The present invention relates generally to metrology and inspection techniques, which are used in a semiconductor manufacturing processes. More specifically, the present invention relates to techniques for acquisition of wafer targets and measuring an alignment error between different layers or different patterns on the same layer of a semiconductor wafer stack.
Target acquisition is one of the most widespread processes during optical inspection and metrology of semiconductor. Every inspection or metrology recipe to test a semiconductor process requires accurate navigation to the target and identification and acquisition of the feature to be inspected. Presently, target acquisition is typically performed via special acquisition patterns that are printed together with layers of the wafer, next to the positions where the actual inspection or metrology operations are to be performed. The images of these acquisition patterns are captured via an imaging tool and an analysis algorithm is used to verify that the captured image contain the acquisition pattern, and calculate the target image coordinates on the true wafer.
The measurement of overlay and alignment error on a wafer is one of the most critical process control techniques used in the manufacturing of integrated circuits and devices. Overlay accuracy generally pertains to the determination of how accurately a first patterned layer aligns with respect to a second patterned layer disposed above or below it. Alignment error relates to the determination of how accurately a first pattern aligns with respect to a second pattern disposed on the same layer. The terms overlay and alignment are used herein interchangeably. Presently, overlay and alignment measurements are performed via test patterns that are printed together with layers of the wafer. The images of these test patterns are captured via an imaging tool and an analysis algorithm is used to calculate the relative displacement of the patterns from the captured images.
Conventionally, an object is imaged by an optical tool having a light source for directing incident beams towards the object. The beams are reflected and scattered away from the object towards an image sensor, such as a CCD (charge coupled device) camera. Specifically, there are multiple rays coming from the object. The rays then typically pass through a lens and thereafter form an image of the object at a specific plane, referred to as an image plane. The CCD camera then must be placed at this specific image plane location to achieve a focused image of the target with the least amount of blurring or with the most clarity.
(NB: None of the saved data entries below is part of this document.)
lemma inner2_perp_proj_Mzw:
  assumes "h \<in> Mzw" shows "inner2 (perp_proj n f) h = 0"
proof -
  have "(\<Sum>i\<le>n. cnj (h (i, n - i))) = cnj (diag_sum n h)"
    "(\<Sum>i\<le>n. of_nat i * cnj (h (i, n - i))) = cnj (diag_moment n h)"
    unfolding diag_sum_def diag_moment_def by simp_all
  then have h: "(\<Sum>i\<le>n. cnj (h (i, n - i))) = 0" "(\<Sum>i\<le>n. of_nat i * cnj (h (i, n - i))) = 0"
    using assms unfolding Mzw_def by auto
  have "inner2 (perp_proj n f) h
      = (\<Sum>i\<le>n. \<Sum>k\<le>n. of_real (perp_kernel n i k) * (f (k, n - k) * cnj (h (i, n - i))))"
    unfolding inner2_homogeneous[OF homogeneous_perp_proj]
    by (simp add: perp_proj_diag sum_distrib_left sum_distrib_right mult_ac)
  also have "\<dots> = (\<Sum>k\<le>n. \<Sum>i\<le>n. of_real (perp_kernel n i k) * (f (k, n - k) * cnj (h (i, n - i))))"
    by (rule sum.swap)
  also have "\<dots> = (\<Sum>k\<le>n. f (k, n - k) * (\<Sum>i\<le>n. of_real (perp_kernel n i k) * cnj (h (i, n - i))))"
    by (simp add: sum_distrib_left mult_ac)
  also have "\<dots> = 0"
    by (simp add: sum_perp_kernel_eq_0[OF h])
  finally show ?thesis .
qed
(* Let $\gamma\in(1,3)$ and $\mu\in(0,1)$. At the point $B=(U_B,H_B)=(1,0)$ there exist two distinct branches of integral curves of $\frac{dH}{dU}=\frac{F(H,U)}{G(H,U)}$, with slopes $C_1(U_B,H_B)=0$ and $C_2(U_B,H_B)=\frac{\gamma(1-\mu)}{1+k_2}$. Moreover, there exists exactly one integral curve passing through $B$ along each of these branches, both integral curves are smooth at $B$, and the integral curve corresponding to the slope $0$ is precisely $H\equiv0$.
   Context: $k_1=\frac{(\gamma+1)+\mu(3-\gamma)}{2}$, $k_2=\frac{2(1-\mu)}{\gamma-1}$, $F(H,U)=2H[H-(U^2-k_1U+\mu)]$, $G(H,U)=H(U+k_2)-U(U-1)(U-\mu)$. Integral curves through $B$ are trajectories of $\frac{dH}{ds}=F$, $\frac{dU}{ds}=G$ converging to the equilibrium $B$ (where $F=G=0$ and $(U-1)^2-H=0$). *)

theory Defs
  imports "HOL-Analysis.Analysis"
begin

definition k1 :: "real \<Rightarrow> real \<Rightarrow> real" where
  "k1 \<gamma> \<mu> = ((\<gamma> + 1) + \<mu> * (3 - \<gamma>)) / 2"

definition k2 :: "real \<Rightarrow> real \<Rightarrow> real" where
  "k2 \<gamma> \<mu> = 2 * (1 - \<mu>) / (\<gamma> - 1)"

definition F :: "real \<Rightarrow> real \<Rightarrow> real \<Rightarrow> real \<Rightarrow> real" where
  "F \<gamma> \<mu> H U = 2 * H * (H - (U^2 - k1 \<gamma> \<mu> * U + \<mu>))"

definition G :: "real \<Rightarrow> real \<Rightarrow> real \<Rightarrow> real \<Rightarrow> real" where
  "G \<gamma> \<mu> H U = H * (U + k2 \<gamma> \<mu>) - U * (U - 1) * (U - \<mu>)"

definition integral_curve_B :: "real \<Rightarrow> real \<Rightarrow> (real \<Rightarrow> real) \<Rightarrow> real \<Rightarrow> real \<Rightarrow> bool" where
  "integral_curve_B \<gamma> \<mu> h a b \<longleftrightarrow>
     a < 1 \<and> 1 < b \<and> h 1 = 0 \<and>
     (\<forall>U \<in> {a<..<b} - {1}. G \<gamma> \<mu> (h U) U \<noteq> 0 \<and>
        (h has_real_derivative (F \<gamma> \<mu> (h U) U / G \<gamma> \<mu> (h U) U)) (at U))"

definition smooth_on_real :: "real set \<Rightarrow> (real \<Rightarrow> real) \<Rightarrow> bool" where
  "smooth_on_real S h \<longleftrightarrow> (\<forall>n. \<forall>x \<in> S. ((deriv ^^ n) h) differentiable (at x))"

end

(*
  Near B = (1, 0) write u = U - 1. Then G(H,U)/u tends to (1 + k2) H'(1) - (1 - mu) along a curve
  through B, and the equation becomes an analytic equation of Briot-Bouquet type in u.

  Existence: for the slope gamma (1 - mu) / (1 + k2) a formal power series solution is obtained by
  comparing coefficients; an induction bounds the n-th coefficient by eps R^(n-1) / n^2, the
  1/n^2 surviving the convolutions because sum_k 1/(k^2 (N-k)^2) <= 8/N^2. So the series converges
  near 0 and gives a smooth integral curve.

  Uniqueness: for two integral curves f, h through B with the same slope s other than
  (1 - mu) / (1 + k2), (f - h)' = (f - h) Z / (U - 1) with Z tending to a negative limit. Hence
  (f - h)^2 decreases as U moves away from 1 and vanishes at 1, so f = h near B.
*)
theory Submission
  imports Defs
begin

section \<open>Estimates for the coefficient recurrence\<close>

lemma sum_inverse_squares_le: "(\<Sum>k=1..N. 1 / (real k)^2) \<le> 2 - 1 / real N"
proof (induction N)
  case (Suc N)
  show ?case
  proof (cases "N = 0")
    case False
    have "1 / (real (Suc N))^2 \<le> 1 / (real N * real (Suc N))"
      using False by (intro divide_left_mono) (auto simp: power2_eq_square)
    also have "\<dots> = 1 / real N - 1 / real (Suc N)"
      using False by (simp add: field_simps)
    finally show ?thesis using Suc.IH by simp
  qed simp
qed simp

lemma inverse_square_product_le:
  fixes i j :: real
  assumes "0 < i" "0 < j"
  shows "1 / (i^2 * j^2) \<le> 2 / (i + j)^2 * (1 / i^2 + 1 / j^2)"
proof -
  have "(i + j)^2 \<le> 2 * (i^2 + j^2)"
    using sum_squares_ge_zero[of "i - j" 0] by (simp add: power2_eq_square algebra_simps)
  then show ?thesis
    using assms by (simp add: field_simps)
qed

lemma convolution_inverse_squares_le:
  assumes "A \<subseteq> {1..<N}"
  shows "(\<Sum>k\<in>A. 1 / ((real k)^2 * (real (N - k))^2)) \<le> 8 / (real N)^2"
proof -
  have inj: "inj_on (\<lambda>k. N - k) A"
    using assms by (intro inj_onI) (metis atLeastLessThan_iff diff_diff_cancel less_imp_le_nat subsetD)
  have sub: "A \<subseteq> {1..N}" "(\<lambda>k. N - k) ` A \<subseteq> {1..N}"
    using assms by (auto simp: subset_iff)
  have "(\<Sum>k\<in>A. 1 / ((real k)^2 * (real (N - k))^2))
      \<le> (\<Sum>k\<in>A. 2 / (real N)^2 * (1 / (real k)^2 + 1 / (real (N - k))^2))"
  proof (rule sum_mono)
    fix k assume "k \<in> A"
    then have "0 < k" "k < N" using assms by auto
    then show "1 / ((real k)^2 * (real (N - k))^2) \<le> 2 / (real N)^2 * (1 / (real k)^2 + 1 / (real (N - k))^2)"
      using inverse_square_product_le[of "real k" "real (N - k)"] by (simp add: of_nat_diff)
  qed
  also have "\<dots> = 2 / (real N)^2 * ((\<Sum>k\<in>A. 1 / (real k)^2) + (\<Sum>j\<in>(\<lambda>k. N - k) ` A. 1 / (real j)^2))"
    by (simp only: distrib_left sum_distrib_left sum.distrib sum.reindex[OF inj] o_def)
  also have "\<dots> \<le> 2 / (real N)^2 * ((\<Sum>k=1..N. 1 / (real k)^2) + (\<Sum>k=1..N. 1 / (real k)^2))"
    using sub by (intro mult_left_mono add_mono sum_mono2) auto
  also have "\<dots> \<le> 2 / (real N)^2 * (2 + 2)"
  proof -
    have "0 \<le> 1 / real N" by simp
    then have "(\<Sum>k=1..N. 1 / (real k)^2) \<le> 2"
      using sum_inverse_squares_le[of N] by linarith
    then show ?thesis by (intro mult_left_mono add_mono) auto
  qed
  finally show ?thesis by simp
qed

lemma convolution_le:
  fixes y :: "nat \<Rightarrow> real"
  assumes A: "A \<subseteq> {1..<N}" and sym: "\<And>k. k \<in> A \<Longrightarrow> N - k \<in> A"
    and bound: "\<And>k. k \<in> A \<Longrightarrow> \<bar>y k\<bar> \<le> C * R^(k - 1) / (real k)^2" and "0 \<le> R"
  shows "\<bar>\<Sum>k\<in>A. y k * y (N - k)\<bar> \<le> 8 * C^2 * R^(N - 2) / (real N)^2"
proof -
  have "\<bar>\<Sum>k\<in>A. y k * y (N - k)\<bar> \<le> (\<Sum>k\<in>A. \<bar>y k\<bar> * \<bar>y (N - k)\<bar>)"
    by (rule order_trans[OF sum_abs]) (simp add: abs_mult)
  also have "\<dots> \<le> (\<Sum>k\<in>A. (C * R^(k - 1) / (real k)^2) * (C * R^(N - k - 1) / (real (N - k))^2))"
    using bound abs_ge_zero order_trans by (intro sum_mono mult_mono bound sym) blast+
  also have "\<dots> = (\<Sum>k\<in>A. C^2 * R^(N - 2) * (1 / ((real k)^2 * (real (N - k))^2)))"
  proof (rule sum.cong)
    fix k assume "k \<in> A"
    then have "R^(k - 1) * R^(N - k - 1) = R^(N - 2)"
      using A by (subst power_add[symmetric]) (auto intro!: arg_cong[where f="power R"])
    then show "(C * R^(k - 1) / (real k)^2) * (C * R^(N - k - 1) / (real (N - k))^2)
        = C^2 * R^(N - 2) * (1 / ((real k)^2 * (real (N - k))^2))"
      by (simp add: power2_eq_square field_simps)
  qed simp
  also have "\<dots> = C^2 * R^(N - 2) * (\<Sum>k\<in>A. 1 / ((real k)^2 * (real (N - k))^2))"
    by (simp add: sum_distrib_left)
  also have "\<dots> \<le> C^2 * R^(N - 2) * (8 / (real N)^2)"
    using assms by (intro mult_left_mono convolution_inverse_squares_le) auto
  finally show ?thesis by (simp add: field_simps)
qed

lemma shifted_term_le:
  assumes "1 \<le> j" "j < n" "1 \<le> R" "0 \<le> K"
    and c: "\<bar>c\<bar> \<le> C * real n"
    and v: "\<bar>v\<bar> \<le> K * R^(n - j - 1) / (real (n - j))^2"
  shows "\<bar>c * v\<bar> \<le> (real j + 1)^2 * C * K * R^(n - 2) / real n"
proof -
  have "0 \<le> C * real n" using c abs_ge_zero order_trans by blast
  then have C: "0 \<le> C" using assms by (simp add: zero_le_mult_iff)
  have ratio: "real n / (real (n - j))^2 \<le> (real j + 1)^2 / real n"
  proof -
    define d where "d = real (n - j)"
    have d: "0 < d" "d = real n - real j" using assms by (auto simp: d_def)
    have "real n \<le> (real j + 1) * d"
    proof -
      have "real j * (real n - real j - 1) \<ge> 0" using assms by simp
      then show ?thesis unfolding d(2) by (simp add: algebra_simps)
    qed
    then have "real n * real n \<le> ((real j + 1) * d) * ((real j + 1) * d)"
      by (intro mult_mono) auto
    then show ?thesis using d(1) assms unfolding d_def[symmetric] by (simp add: field_simps power2_eq_square)
  qed
  have "\<bar>c * v\<bar> \<le> C * real n * (K * R^(n - 2) / (real (n - j))^2)"
  proof -
    have "R^(n - j - 1) \<le> R^(n - 2)" using assms by (intro power_increasing) auto
    then have "K * R^(n - j - 1) / (real (n - j))^2 \<le> K * R^(n - 2) / (real (n - j))^2"
      using assms by (intro divide_right_mono mult_left_mono) auto
    then show ?thesis unfolding abs_mult using c v by (intro mult_mono) auto
  qed
  also have "\<dots> = C * K * R^(n - 2) * (real n / (real (n - j))^2)" by simp
  also have "\<dots> \<le> C * K * R^(n - 2) * ((real j + 1)^2 / real n)"
    using C assms ratio by (intro mult_left_mono) auto
  finally show ?thesis by (simp add: ac_simps)
qed

text \<open>Comparing coefficients of \<open>u\<^sup>n\<close> in the equation of \<open>singular_ode\<close>, the terms
  containing \<open>y\<^sub>n\<close> add up to \<open>(n a + p0) y\<^sub>n\<close> because \<open>\<kappa> y\<^sub>1 = a + p0\<close>;
  \<open>recurrence_rhs\<close> is minus the sum of all other terms.\<close>

definition recurrence_rhs :: "real \<Rightarrow> real \<Rightarrow> real \<Rightarrow> (nat \<Rightarrow> real) \<Rightarrow> nat \<Rightarrow> real" where
  "recurrence_rhs \<kappa> p1 \<beta> y n =
     - \<kappa> * (real n + 1) / 2 * (\<Sum>k=2..n-1. y k * y (n + 1 - k))
     - (real n / 2 - 2) * (\<Sum>k=1..n-1. y k * y (n - k))
     + (p1 * (real n - 1) - 2 * \<beta>) * y (n - 1) + (real n - 4) * y (n - 2)"

lemma recurrence_quadratic_term_le:
  fixes y :: "nat \<Rightarrow> real"
  assumes n: "2 \<le> n" and "0 < \<kappa>" "0 < \<epsilon>" "1 \<le> R" "8 * \<kappa> * \<epsilon> \<le> a"
    and coeffs: "\<And>k. 2 \<le> k \<Longrightarrow> k < n \<Longrightarrow> \<bar>y k\<bar> \<le> \<epsilon> * R^(k - 1) / (real k)^2"
  shows "\<bar>- \<kappa> * (real n + 1) / 2 * (\<Sum>k=2..n-1. y k * y (n + 1 - k))\<bar> \<le> a / 2 * \<epsilon> * R^(n - 1) / real n"
proof -
  have "\<bar>\<Sum>k=2..n-1. y k * y (n + 1 - k)\<bar> \<le> 8 * \<epsilon>^2 * R^(n + 1 - 2) / (real (n + 1))^2"
    using assms by (intro convolution_le) auto
  then have S: "\<bar>\<Sum>k=2..n-1. y k * y (n + 1 - k)\<bar> \<le> 8 * \<epsilon>^2 * R^(n - 1) / (real n + 1)^2"
    by (simp add: add.commute)
  have coeff: "\<bar>- \<kappa> * (real n + 1) / 2\<bar> = \<kappa> * (real n + 1) / 2"
    using assms by simp
  have "\<bar>- \<kappa> * (real n + 1) / 2 * (\<Sum>k=2..n-1. y k * y (n + 1 - k))\<bar>
      \<le> \<kappa> * (real n + 1) / 2 * (8 * \<epsilon>^2 * R^(n - 1) / (real n + 1)^2)"
    using S assms unfolding abs_mult coeff by (intro mult_left_mono) auto
  also have "\<dots> = (8 * \<kappa> * \<epsilon>) / 2 * \<epsilon> * R^(n - 1) / (real n + 1)"
  proof -
    have "\<kappa> * x / 2 * (8 * \<epsilon>^2 * Q / x^2) = (8 * \<kappa> * \<epsilon>) / 2 * \<epsilon> * Q / x"
      if "0 < x" for x Q :: real
      using that by (simp add: field_simps power2_eq_square)
    from this[of "real n + 1" "R^(n - 1)"] show ?thesis by simp
  qed
  also have "\<dots> \<le> a / 2 * \<epsilon> * R^(n - 1) / (real n + 1)"
    using assms by (intro divide_right_mono mult_right_mono) auto
  also have "\<dots> \<le> a / 2 * \<epsilon> * R^(n - 1) / real n"
  proof -
    have "0 < 8 * \<kappa> * \<epsilon>" using assms by simp
    then have "0 < a" using assms by linarith
    then show ?thesis using assms by (intro divide_left_mono) auto
  qed
  finally show ?thesis .
qed

lemma recurrence_convolution_term_le:
  fixes y :: "nat \<Rightarrow> real"
  assumes n: "2 \<le> n" and "0 \<le> R"
    and coeffs: "\<And>k. 1 \<le> k \<Longrightarrow> k < n \<Longrightarrow> \<bar>y k\<bar> \<le> K * R^(k - 1) / (real k)^2"
  shows "\<bar>(real n / 2 - 2) * (\<Sum>k=1..n-1. y k * y (n - k))\<bar> \<le> 8 * K^2 * R^(n - 2) / real n"
proof -
  have "\<bar>\<Sum>k=1..n-1. y k * y (n - k)\<bar> \<le> 8 * K^2 * R^(n - 2) / (real n)^2"
    using assms by (intro convolution_le) auto
  then have "\<bar>(real n / 2 - 2) * (\<Sum>k=1..n-1. y k * y (n - k))\<bar> \<le> real n * (8 * K^2 * R^(n - 2) / (real n)^2)"
    unfolding abs_mult using n by (intro mult_mono) auto
  then show ?thesis using n by (simp add: power2_eq_square)
qed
Unfortunately, given conventional mechanical movement mechanisms, it is impossible to position the sensor at the absolute optimum focus position for every acquisition operation or overlay measurement. That is, conventional methods will have tolerances that do not allow movement to a precise enough position for achieving maximum focus for every acquisition operation or overlay measurement.
In addition optical aberrations of the imaging system cause a placement error of the image. For overlay targets, these placement errors are different for the scattered light from the first and second layer. The difference in the aberrations induced placement error causes an error in the overlay measurement. In order to minimize this aberration induced overlay error, accurate centering of the overlay target along the optical axis of the optical system is required.
Accordingly, improved target acquisition and overlay imaging mechanisms are needed. Additionally, a target imaging mechanism that provides flexible placement of the imaging sensor (z) would be beneficial. Additionally, an overlay metrology mechanism that provides flexible placement of the overlay target (x,y) would be beneficial.